And just like that, all the miners put aside the dull drinks they’d all been nursing out of respect for a man who hadn’t even been a drinker to start with. And, just as gradually, they began to talk – about how long the mine could go on, and how Abe’s kids would make out, and how Corley’s Crossing was going to survive since the trains weren’t coming by three times a day anymore and the mine wasn’t producing as much coal anymore – some laughter, a little joking, but mostly talk. Rose kept the Old Prospero’s moving, glancing now and again Daniel’s way and wondering at the unwavering, intent expression on his face.

Reverend Holton came in a little after eleven. He glanced around at the crowd and then at Rose; finally he took off his hat and spoke. “Abraham York died half-an-hour ago. The funeral will be Saturday.” One more glance at Rose, and he left. Silence settled over the Lambert.

“To Abe York,” Daniel said suddenly, holding up his own bottle of Old Prospero’s. Rose hadn’t even noticed that he was drinking, but at least he looked relaxed now after looking so serious all night.

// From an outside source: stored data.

lemma star_shaped_wrt_zero_if_norm_downward_closed:
  fixes B :: "'a::real_normed_vector set"
  assumes "0 \<in> B" "z \<notin> B"
    and down: "\<And>u w. u \<in> B \<Longrightarrow> norm w \<le> norm u \<Longrightarrow> w \<in> B"
  shows "star_shaped_wrt B 0"
proof (rule star_shaped_wrtI[OF \<open>0 \<in> B\<close>])
  fix v :: 'a
  assume "v \<noteq> 0"
  then have "norm z \<le> norm ((norm z / norm v) *\<^sub>R v)"
    by simp
  then have "(norm z / norm v) *\<^sub>R v \<notin> B"
    using down \<open>z \<notin> B\<close> by blast
  then show "\<exists>t\<ge>0. 0 + t *\<^sub>R v \<notin> B"
    by (intro exI[of _ "norm z / norm v"]) simp
next
  fix v :: 'a and s t :: real
  assume v: "v \<noteq> 0" and "0 \<le> s" "s < t"
    and fr: "0 + s *\<^sub>R v \<in> frontier B" "0 + t *\<^sub>R v \<in> frontier B"
  have "t *\<^sub>R v \<in> closure B" "0 < (t - s) * norm v"
    using fr(2) v \<open>s < t\<close> by (auto simp: frontier_def)
  then obtain u where "u \<in> B" and u: "dist u (t *\<^sub>R v) < (t - s) * norm v"
    unfolding closure_approachable by blast
  have "t * norm v \<le> norm u + dist u (t *\<^sub>R v)"
    using norm_triangle_sub[of "t *\<^sub>R v" u] \<open>0 \<le> s\<close> \<open>s < t\<close>
    by (simp add: dist_norm norm_minus_commute)
  then have "s *\<^sub>R v \<in> ball 0 (norm u)"
    using u \<open>0 \<le> s\<close> by (simp add: left_diff_distrib)
  moreover have "ball 0 (norm u) \<subseteq> interior B"
    using down[OF \<open>u \<in> B\<close>] by (intro interior_maximal) auto
  ultimately have "s *\<^sub>R v \<in> interior B"
    by blast
  then show False
    using fr(1) by (simp add: frontier_def)
qed

lemma level_at_frontier_of_sublevel:
  fixes f :: "'a::t2_space \<Rightarrow> 'b::linorder_topology"
  assumes "isCont f y" "y \<in> frontier {z. f z < r}"
  shows "f y = r"
proof (rule ccontr)
  assume "f y \<noteq> r"
  then consider "f y < r" | "r < f y"
    by (meson linorder_neqE)
  then show False
  proof cases
    case 1
    then obtain S where "open S" "y \<in> S" "\<forall>z\<in>S. f z < r"
      using assms(1) continuous_at_open[of y f] by (metis lessThan_iff open_lessThan)
    then have "y \<in> interior {z. f z < r}"
      by (meson interiorI mem_Collect_eq subsetI)
    then show False
      using assms(2) by (simp add: frontier_def)
  next
    case 2
    then obtain S where "open S" "y \<in> S" "\<forall>z\<in>S. r < f z"
      using assms(1) continuous_at_open[of y f] by (metis greaterThan_iff open_greaterThan)
    then have "S \<inter> {z. f z < r} = {}"
      by fastforce
    then have "y \<notin> closure {z. f z < r}"
      using \<open>open S\<close> \<open>y \<in> S\<close> open_Int_closure_eq_empty by blast
    then show False
      using assms(2) by (simp add: frontier_def)
  qed
qed

lemma star_shaped_wrt_sublevel:
  fixes f :: "'a::real_normed_vector \<Rightarrow> real"
  assumes "0 < R" "f x < r"
    and cont: "\<And>y. norm (y - x) \<le> R \<Longrightarrow> isCont f y"
    and far: "\<And>y. R \<le> norm (y - x) \<Longrightarrow> r \<le> f y"
    and incr: "\<And>v s t. v \<noteq> 0 \<Longrightarrow> 0 \<le> s \<Longrightarrow> s < t \<Longrightarrow> t * norm v \<le> R \<Longrightarrow>
      f (x + s *\<^sub>R v) < f (x + t *\<^sub>R v)"
  shows "star_shaped_wrt {y. f y < r} x"
proof -
  have "{y. f y < r} \<subseteq> cball x R"
  proof
    fix y
    assume "y \<in> {y. f y < r}"
    then have "norm (y - x) < R"
      using far[of y] by fastforce
    then show "y \<in> cball x R"
      by (simp add: dist_norm norm_minus_commute)
  qed
  then have "frontier {y. f y < r} \<subseteq> cball x R"
    using closure_minimal[OF _ closed_cball] frontier_def by blast
  then have near: "norm (y - x) \<le> R" if "y \<in> frontier {y. f y < r}" for y
    using that by (auto simp: dist_norm norm_minus_commute)
  show ?thesis
  proof (rule star_shaped_wrtI)
    show "x \<in> {y. f y < r}"
      using \<open>f x < r\<close> by simp
  next
    fix v :: 'a
    assume "v \<noteq> 0"
    then show "\<exists>t\<ge>0. x + t *\<^sub>R v \<notin> {y. f y < r}"
      using far[of "x + (R / norm v) *\<^sub>R v"] \<open>0 < R\<close>
      by (intro exI[of _ "R / norm v"]) auto
  next
    fix v :: 'a and s t :: real
    assume "v \<noteq> 0" "0 \<le> s" "s < t"
      and fr: "x + s *\<^sub>R v \<in> frontier {y. f y < r}" "x + t *\<^sub>R v \<in> frontier {y. f y < r}"
    have "f (x + s *\<^sub>R v) = r" "f (x + t *\<^sub>R v) = r"
      using fr near cont level_at_frontier_of_sublevel by blast+
    moreover have "t * norm v \<le> R"
      using near[OF fr(2)] \<open>0 \<le> s\<close> \<open>s < t\<close> by simp
    ultimately show False
      using incr[OF \<open>v \<noteq> 0\<close> \<open>0 \<le> s\<close> \<open>s < t\<close>] by simp
  qed
qed

lemma mod_incr_isCont:
  assumes f: "mod_incr f" and "0 < p"
  shows "isCont f p"
proof -
  have mono: "\<And>s t. 0 \<le> s \<Longrightarrow> s \<le> t \<Longrightarrow> f s \<le> f t"
    and ratio: "\<And>s t. 0 < s \<Longrightarrow> s \<le> t \<Longrightarrow> f t / t \<le> f s / s"
    using f unfolding mod_incr_def by auto
  have bounds: "min 1 (q / p) * f p \<le> f q \<and> f q \<le> max 1 (q / p) * f p" if "0 < q" for q
  proof (cases "q \<le> p")
    case True
    then have "f q \<le> f p" "q / p * f p \<le> f q"
      using mono ratio[of q p] \<open>0 < p\<close> \<open>0 < q\<close> by (simp_all add: field_simps)
    then show ?thesis
      using True \<open>0 < p\<close> by simp
  next
    case False
    then have "f p \<le> f q" "f q \<le> q / p * f p"
      using mono ratio[of p q] \<open>0 < p\<close> \<open>0 < q\<close> by (simp_all add: field_simps)
    then show ?thesis
      using False \<open>0 < p\<close> by simp
  qed
  have "eventually (\<lambda>q. 0 < q) (at p)"
    using order_tendstoD(1)[OF tendsto_ident_at \<open>0 < p\<close>] .
  then have "eventually (\<lambda>q. min 1 (q / p) * f p \<le> f q) (at p)"
    "eventually (\<lambda>q. f q \<le> max 1 (q / p) * f p) (at p)"
    by (auto elim: eventually_mono dest: bounds)
  moreover have "((\<lambda>q. min 1 (q / p) * f p) \<longlongrightarrow> min 1 (p / p) * f p) (at p)"
    "((\<lambda>q. max 1 (q / p) * f p) \<longlongrightarrow> max 1 (p / p) * f p) (at p)"
    by (intro tendsto_intros; use \<open>0 < p\<close> in simp)+
  ultimately have "(f \<longlongrightarrow> f p) (at p)"
    using \<open>0 < p\<close> tendsto_sandwich by fastforce
  then show ?thesis
    unfolding isCont_def .
qed

lemma mod_incr_div_mono:
  assumes f: "mod_incr f" and "0 < s" "s \<le> t" "0 < f s"
  shows "s / f s \<le> t / f t"
proof -
  have "f s \<le> f t" "f t / t \<le> f s / s"
    using f \<open>0 < s\<close> \<open>s \<le> t\<close> unfolding mod_incr_def by auto
  then show ?thesis
    using \<open>0 < s\<close> \<open>s \<le> t\<close> \<open>0 < f s\<close> by (simp add: field_simps)
qed

lemma mod_incr_ratio_less:
  assumes f: "mod_incr f" and "0 < f g" "0 < f h"
    and "0 \<le> p" "p < q" "p < g" "0 \<le> h" "h \<le> g + (q - p)"
  shows "p / f g < q / f h"
proof (cases "h \<le> g")
  case True
  then have "f h \<le> f g"
    using f \<open>0 \<le> h\<close> unfolding mod_incr_def by blast
  have "p / f g < q / f g"
    using \<open>0 < f g\<close> \<open>p < q\<close> by (simp add: divide_strict_right_mono)
  also have "\<dots> \<le> q / f h"
    using \<open>f h \<le> f g\<close> \<open>0 < f h\<close> \<open>0 \<le> p\<close> \<open>p < q\<close> by (intro divide_left_mono) auto
  finally show ?thesis .
next
  case False
  then have "0 < g" "g \<le> h"
    using \<open>0 \<le> p\<close> \<open>p < g\<close> by auto
  then have "f h / h \<le> f g / g"
    using f unfolding mod_incr_def by blast
  then have "g * f h \<le> h * f g"
    using \<open>0 < g\<close> \<open>g \<le> h\<close> by (simp add: field_simps)
  then have "g * (p * f h) \<le> p * (h * f g)"
    using \<open>0 \<le> p\<close> mult_left_mono by (fastforce simp: algebra_simps)
  also have "\<dots> \<le> p * ((g + (q - p)) * f g)"
    using \<open>h \<le> g + (q - p)\<close> \<open>0 < f g\<close> \<open>0 \<le> p\<close> by (simp add: mult_left_mono)
  also have "\<dots> < g * (q * f g)"
  proof -
    have "0 < (g - p) * (q - p)"
      using \<open>p < g\<close> \<open>p < q\<close> by simp
    then have "p * (g + (q - p)) < g * q"
      by (simp add: algebra_simps)
    then show ?thesis
      using \<open>0 < f g\<close> by (simp add: mult.assoc[symmetric])
  qed
  finally have "p * f h < q * f g"
    using \<open>0 < g\<close> by simp
  then show ?thesis
    using \<open>0 < f g\<close> \<open>0 < f h\<close> by (simp add: field_simps)
qed

lemma mod_incr_lower_bound:
  assumes f: "mod_incr f" and pos: "\<And>t. 0 \<le> t \<Longrightarrow> 0 < f t"
    and "0 \<le> a" "0 < R" "R \<le> u" "0 \<le> g" "g \<le> a + u"
  shows "R / f (a + R) \<le> u / f g"
proof -
  have "R / (a + R) \<le> u / (a + u)"
    using mult_left_mono[OF \<open>R \<le> u\<close> \<open>0 \<le> a\<close>] assms(3-5) by (simp add: field_simps)
  moreover have "(a + R) / f (a + R) \<le> (a + u) / f (a + u)"
    using assms(3-5) pos by (intro mod_incr_div_mono[OF f]) auto
  ultimately have "R / (a + R) * ((a + R) / f (a + R)) \<le> u / (a + u) * ((a + u) / f (a + u))"
    using assms(3-5) pos[of "a + R"] by (intro mult_mono) auto
  also have "\<dots> = u / f (a + u)"
    using assms(3-5) by simp
  also have "\<dots> \<le> u / f g"
    using f assms(4-7) pos unfolding mod_incr_def by (intro divide_left_mono) auto
  finally show ?thesis
    using assms(3,4) by simp
qed
lemma M_norm_pos_if_metric:
  fixes p q :: "'a::real_normed_vector"
  assumes metric: "is_metric (rhoM M :: 'a \<Rightarrow> 'a \<Rightarrow> real)"
    and nonneg: "\<forall>s t. 0 \<le> s \<longrightarrow> 0 \<le> t \<longrightarrow> 0 \<le> M s t"
    and "p \<noteq> q"
  shows "0 < M (norm p) (norm q)"
proof -
  have "rhoM M p q \<noteq> 0"
    using metric \<open>p \<noteq> q\<close> unfolding is_metric_def by blast
  then have "M (norm p) (norm q) \<noteq> 0"
    unfolding rhoM_def by auto
  moreover have "0 \<le> M (norm p) (norm q)"
    using nonneg by simp
  ultimately show ?thesis
    by linarith
qed

lemma M_pos_if_metric:
  fixes x :: "'a::real_normed_vector"
  assumes metric: "is_metric (rhoM M :: 'a \<Rightarrow> 'a \<Rightarrow> real)"
    and nonneg: "\<forall>s t. 0 \<le> s \<longrightarrow> 0 \<le> t \<longrightarrow> 0 \<le> M s t"
    and "x \<noteq> 0" "0 \<le> b"
  shows "0 < M (norm x) b"
proof -
  define q where "q = - (b / norm x) *\<^sub>R x"
  have "norm q = b"
    using \<open>x \<noteq> 0\<close> \<open>0 \<le> b\<close> by (simp add: q_def)
  have "x - q = (1 + b / norm x) *\<^sub>R x"
    by (simp add: q_def algebra_simps)
  moreover have "0 < 1 + b / norm x"
    using \<open>0 \<le> b\<close> by (simp add: add_pos_nonneg)
  ultimately have "x \<noteq> q"
    using \<open>x \<noteq> 0\<close> by (metis eq_iff_diff_eq_0 less_irrefl scaleR_eq_0_iff)
  then show ?thesis
    using M_norm_pos_if_metric[OF metric nonneg] \<open>norm q = b\<close> by blast
qed

lemma isCont_rhoM:
  fixes x y :: "'a::real_normed_vector"
  assumes "mod_incr (M (norm x))" "y \<noteq> 0" "M (norm x) (norm y) \<noteq> 0"
  shows "isCont (rhoM M x) y"
proof -
  have "isCont (M (norm x)) (norm y)"
    using mod_incr_isCont assms(1,2) by simp
  then have "isCont (\<lambda>z. M (norm x) (norm z)) y"
    by (rule isCont_o2[OF continuous_norm[OF continuous_ident]])
  then show ?thesis
    unfolding rhoM_def[abs_def] using assms(3) by (intro continuous_intros)
qed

“To Abe,” a scattershot chorus of miners and Junctiontown boys replied. Earlier they had toasted a dying miner; now they toasted a dead one.

***

Daniel went with Rose to Abe’s funeral, even though he had never met Abe and didn’t know him from Adam. This time Rose stayed for the entire service. She hadn’t been sleeping with Abe, so she had no reason to avoid Abe’s wife – other than avoiding Edna, which didn’t seem that important. Daniel stood beside her, wearing a nice shirt and tie she didn’t know he owned. He looked strange, all gussied-up like that.

Daniel wasn’t the only stranger at Abe York’s funeral. Just before the service began, three older-looking men entered the church. These men wore very nice suits, a lot nicer than you’d find in any closet in Corley’s Crossing. These three men in the tailored suits walked up to Mabel York, and they each kissed her on the cheek. Then they found a place to sit and wait for the service to begin.

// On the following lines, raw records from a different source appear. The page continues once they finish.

(* Let $G$ be a $\lambda$-graph and $Q$ a query over $G$. Then $Q^{\Downarrow}$ is an open bisimulation if and only if $Q^{\#}$ is a sharing equivalence.
   Context: A pre-$\lambda$-graph is a directed graph whose nodes are of four kinds: an application node $@(n_1,n_2)$ has exactly two children, its left child $n_1$ and its right child $n_2$; an abstraction node $\lambda(n)$ has exactly one child, its body $n$; a free variable node has no children and carries an atom $\mathrm{id}(n)$ from a fixed set of atoms, distinct free variable nodes carrying distinct atoms; a bound variable node $\mathrm{var}(l)$ has exactly one outgoing binding edge, to an abstraction node $l$ (its binder). A trace is a finite sequence of directions from $\{\swarrow,\downarrow,\searrow\}$; $\epsilon$ is the empty trace and $d\cdot\tau$ is the trace $\tau$ extended by one final step $d$. Paths $n\xrightarrow{\tau}m$ are defined inductively: $n\xrightarrow{\epsilon}n$; if $n\xrightarrow{\tau}\lambda(m)$ then $n\xrightarrow{\downarrow\cdot\tau}m$; if $n\xrightarrow{\tau}@(m_1,m_2)$ then $n\xrightarrow{\swarrow\cdot\tau}m_1$ and $n\xrightarrow{\searrow\cdot\tau}m_2$ (binding edges are never followed). The path $n\xrightarrow{\tau}$ crosses a node $m$ if either $n\xrightarrow{\tau}m$, or $\tau=d\cdot\tau'$ and $n\xrightarrow{\tau'}$ crosses $m$. A root is a node $r$ such that the only path ending in $r$ has the empty trace. A node $m$ dominates $n$ if every path from a root to $n$ crosses $m$. A $\lambda$-graph is a pre-$\lambda$-graph that has finitely many nodes, is acyclic ($n\xrightarrow{\tau}n$ holds only for $\tau=\epsilon$), and is dominated (every bound variable node $\mathrm{var}(l)$ is dominated by its binder $l$). Two nodes are homogeneous if both are application nodes, or both abstraction nodes, or both free variable nodes, or both bound variable nodes; a binary relation $R$ on nodes is homogeneous if it only relates homogeneous nodes. Rules: $(\swarrow)$: $@(n_1,n_2)\,R\,@(m_1,m_2)$ implies $n_1\,R\,m_1$; $(\searrow)$: $@(n_1,n_2)\,R\,@(m_1,m_2)$ implies $n_2\,R\,m_2$; $(\downarrow)$: $\lambda(n)\,R\,\lambda(m)$ implies $n\,R\,m$; $(\circlearrowright)$: $\mathrm{var}(n)\,R\,\mathrm{var}(m)$ implies $n\,R\,m$. $R$ is propagated if closed under $(\swarrow),(\downarrow),(\searrow)$. $R$ is open if $n\,R\,m$ implies $n=m$ for all free variable nodes $n,m$. A bisimulation is a homogeneous propagated relation closed also under $(\circlearrowright)$. A sharing equivalence is an open bisimulation that is an equivalence relation. $R^{\Downarrow}$ (propagation) is the smallest propagated relation containing $R$; $R^{\#}$ (spreading) is the smallest propagated equivalence relation containing $R$. A query over $G$ is a binary relation on the roots of $G$. *)

theory Defs
  imports Main
begin

text \<open>Node kinds of a pre-lambda-graph. A graph on node type 'n with atoms 'a is a
labelling function G :: 'n \<Rightarrow> ('n,'a) node; the nodes of the graph are all elements
of type 'n.\<close>

datatype ('n, 'a) node = App 'n 'n | Abs 'n | FVar 'a | BVar 'n

datatype dir = DLeft | DDown | DRight

text \<open>Traces: lists of directions; the head of the list is the final step,
so d # tau is the trace tau extended by the final step d.\<close>

inductive path :: "('n \<Rightarrow> ('n,'a) node) \<Rightarrow> 'n \<Rightarrow> dir list \<Rightarrow> 'n \<Rightarrow> bool"
  for G where
  path_nil: "path G n [] n"
| path_abs: "path G n \<tau> m \<Longrightarrow> G m = Abs m' \<Longrightarrow> path G n (DDown # \<tau>) m'"
| path_left: "path G n \<tau> m \<Longrightarrow> G m = App m1 m2 \<Longrightarrow> path G n (DLeft # \<tau>) m1"
| path_right: "path G n \<tau> m \<Longrightarrow> G m = App m1 m2 \<Longrightarrow> path G n (DRight # \<tau>) m2"

fun crosses :: "('n \<Rightarrow> ('n,'a) node) \<Rightarrow> 'n \<Rightarrow> dir list \<Rightarrow> 'n \<Rightarrow> bool" where
  "crosses G n [] m = path G n [] m"
| "crosses G n (d # \<tau>) m = (path G n (d # \<tau>) m \<or> crosses G n \<tau> m)"

definition is_root :: "('n \<Rightarrow> ('n,'a) node) \<Rightarrow> 'n \<Rightarrow> bool" where
  "is_root G r \<longleftrightarrow> (\<forall>n \<tau>. path G n \<tau> r \<longrightarrow> \<tau> = [])"

definition dominates :: "('n \<Rightarrow> ('n,'a) node) \<Rightarrow> 'n \<Rightarrow> 'n \<Rightarrow> bool" where
  "dominates G m n \<longleftrightarrow> (\<forall>r \<tau>. is_root G r \<and> path G r \<tau> n \<longrightarrow> crosses G r \<tau> m)"

definition pre_lambda_graph :: "('n \<Rightarrow> ('n,'a) node) \<Rightarrow> bool" where
  "pre_lambda_graph G \<longleftrightarrow>
     (\<forall>v l. G v = BVar l \<longrightarrow> (\<exists>b. G l = Abs b)) \<and>
     (\<forall>n m a. G n = FVar a \<and> G m = FVar a \<longrightarrow> n = m)"

definition lambda_graph :: "('n \<Rightarrow> ('n,'a) node) \<Rightarrow> bool" where
  "lambda_graph G \<longleftrightarrow> pre_lambda_graph G \<and> finite (UNIV :: 'n set) \<and>
     (\<forall>n \<tau>. path G n \<tau> n \<longrightarrow> \<tau> = []) \<and>
     (\<forall>v l. G v = BVar l \<longrightarrow> dominates G l v)"

fun same_kind :: "('n,'a) node \<Rightarrow> ('n,'a) node \<Rightarrow> bool" where
  "same_kind (App _ _) (App _ _) = True"
| "same_kind (Abs _) (Abs _) = True"
| "same_kind (FVar _) (FVar _) = True"
| "same_kind (BVar _) (BVar _) = True"
| "same_kind _ _ = False"

definition homogeneous :: "('n \<Rightarrow> ('n,'a) node) \<Rightarrow> 'n rel \<Rightarrow> bool" where
  "homogeneous G R \<longleftrightarrow> (\<forall>n m. (n, m) \<in> R \<longrightarrow> same_kind (G n) (G m))"
lemma (in Metric_space) separable_dense_sequence:
  assumes "separable_space mtopology" and "M \<noteq> {}"
  obtains q :: "nat \<Rightarrow> 'a" where "range q \<subseteq> M" "\<And>x \<epsilon>. x \<in> M \<Longrightarrow> 0 < \<epsilon> \<Longrightarrow> \<exists>i. d (q i) x < \<epsilon>"
proof -
  from assms(1) obtain D where D: "countable D" "D \<subseteq> M" "mtopology closure_of D = M"
    unfolding separable_space_def by auto
  with assms(2) have "D \<noteq> {}" by auto
  define q where "q = from_nat_into D"
  have "range q \<subseteq> M"
    using D(2) from_nat_into[OF \<open>D \<noteq> {}\<close>] unfolding q_def by blast
  moreover have "\<exists>i. d (q i) x < \<epsilon>" if x: "x \<in> M" and \<epsilon>: "\<epsilon> > 0" for x \<epsilon>
  proof -
    have "x \<in> mtopology closure_of D" using D(3) x by simp
    then obtain y where "y \<in> D" "y \<in> mball x \<epsilon>"
      using \<epsilon> unfolding metric_closure_of by blast
    moreover obtain i where "q i = y"
      using \<open>y \<in> D\<close> from_nat_into_surj[OF D(1)] unfolding q_def by blast
    ultimately show ?thesis by (auto simp: commute)
  qed
  ultimately show thesis using that by blast
qed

“Who are those fellows, I wonder,” Rose said.

“Businessmen,” Daniel said with a surprising tone of contempt in his voice. “I’ll bet they own the mine.”

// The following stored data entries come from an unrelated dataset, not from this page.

fun ls_p :: "(nat \<Rightarrow> 'a::field) \<Rightarrow> (nat \<Rightarrow> 'a) \<Rightarrow> nat \<Rightarrow> 'a poly" where
  "ls_p a x 0 = 1"
| "ls_p a x (Suc 0) = [:- a 0, 1:]"
| "ls_p a x (Suc (Suc i)) =
     [:- a (Suc i), 1:] * ls_p a x (Suc i) - Polynomial.smult (x (Suc i)) (ls_p a x i)"

end

theory Submission
  imports Defs
begin

text \<open>
  The primitive idempotents \<open>E\<^sup>*\<^sub>i\<close> of \<open>A\<^sup>*\<close> are simultaneously conjugate to the diagonal
  matrix units, so they are orthogonal idempotents of rank one summing to the identity:
  \<open>E X E = tr (E X) E\<close>.  Since \<open>A\<close> acts tridiagonally on them, the three-term recurrence
  of the \<open>p\<^sub>i\<close> becomes \<open>p\<^sub>i(A) E\<^sup>*\<^sub>0 = E\<^sup>*\<^sub>i A E\<^sup>*\<^sub>i\<^sub>-\<^sub>1 A \<dots> A E\<^sup>*\<^sub>0\<close> (the lower chain \<open>L\<^sub>i\<close>), and by
  transposition \<open>E\<^sup>*\<^sub>0 p\<^sub>i(A) = E\<^sup>*\<^sub>0 A E\<^sup>*\<^sub>1 \<dots> A E\<^sup>*\<^sub>i\<close> (the upper chain \<open>U\<^sub>i\<close>).  Hence
  \<open>p\<^sub>i(A) E\<^sup>*\<^sub>0 p\<^sub>i(A) = L\<^sub>i U\<^sub>i = tr (U\<^sub>i L\<^sub>i) E\<^sup>*\<^sub>i\<close>, and \<open>U\<^sub>i L\<^sub>i\<close> collapses from the inside,
  each \<open>E\<^sup>*\<^sub>k\<^sub>-\<^sub>1 A E\<^sup>*\<^sub>k A E\<^sup>*\<^sub>k\<^sub>-\<^sub>1 = x\<^sub>k E\<^sup>*\<^sub>k\<^sub>-\<^sub>1\<close> contributing a factor, to \<open>x\<^sub>1 \<dots> x\<^sub>i E\<^sup>*\<^sub>0\<close>.
  Finally \<open>x\<^sub>k \<noteq> 0\<close>: as \<open>E\<^sup>*\<^sub>k\<close> has rank one, \<open>E\<^sup>*\<^sub>k\<^sub>-\<^sub>1 A E\<^sup>*\<^sub>k M E\<^sup>*\<^sub>k A E\<^sup>*\<^sub>k\<^sub>-\<^sub>1\<close> is a multiple of
  \<open>x\<^sub>k E\<^sup>*\<^sub>k\<^sub>-\<^sub>1\<close> for every \<open>M\<close>, while it is nonzero for a suitable \<open>M\<close> because both
  \<open>E\<^sup>*\<^sub>k\<^sub>-\<^sub>1 A E\<^sup>*\<^sub>k\<close> and \<open>E\<^sup>*\<^sub>k A E\<^sup>*\<^sub>k\<^sub>-\<^sub>1\<close> are nonzero.
\<close>

lemma mat_trace_mult_comm:
  fixes A B :: "'a::comm_ring_1 mat"
  assumes "A \<in> carrier_mat n m" and "B \<in> carrier_mat m n"
  shows "mat_trace (A * B) = mat_trace (B * A)"
proof -
  have "mat_trace (A * B) = (\<Sum>i<n. \<Sum>k<m. A $$ (i,k) * B $$ (k,i))"
    using assms by (simp add: mat_trace_def scalar_prod_def atLeast0LessThan)
  also have "\<dots> = (\<Sum>k<m. \<Sum>i<n. B $$ (k,i) * A $$ (i,k))"
    by (subst sum.swap) (simp add: mult.commute)
  also have "\<dots> = mat_trace (B * A)"
    using assms by (simp add: mat_trace_def scalar_prod_def atLeast0LessThan)
  finally show ?thesis .
qed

“You don’t like businessmen?” she asked.

“I don’t like what businessmen worship,” Daniel replied.

That’s an odd thing to say, Rose thought. And Daniel was beginning to sweat, even though it wasn’t all that hot inside the church yet. “Are you feeling all right?”

“I just don’t like churches much,” Daniel said.

Reverend Holton came out a few minutes later and started the service. It was the typical, dull stuff that went on at all church services, and as usual Rose found herself wondering how anyone could do this each and every Sunday. She didn’t sing the hymns, because she didn’t know any of the words, although she did hold an open hymnal so as not to appear completely lost. She held the hymnal up so that Daniel could see the words, but he didn’t sing either; in fact, he stood glassy-eyed, sweating even worse than before. When the service finally ended and they filed out of Old Presbyterian, Rose looked at Daniel as he mopped his brow with his handkerchief.

“It was too hot in there,” he said.

Rose nodded, but didn’t say anything. She hadn’t thought it too hot inside. At that moment the three mine owners walked by, and Daniel grimaced.

“It’s funny,” Rose said. “They weren’t here for Enoch’s funeral.”

“They’re not here for this one, either,” Daniel said.

Rose wondered what he meant by that, but she chose not to ask. Instead she pointed to Mabel, who had just come out of the church. “Here she comes,” Rose said. “We’ll pay our respects, and then why don’t we go down to the river and look at the autumn leaves?”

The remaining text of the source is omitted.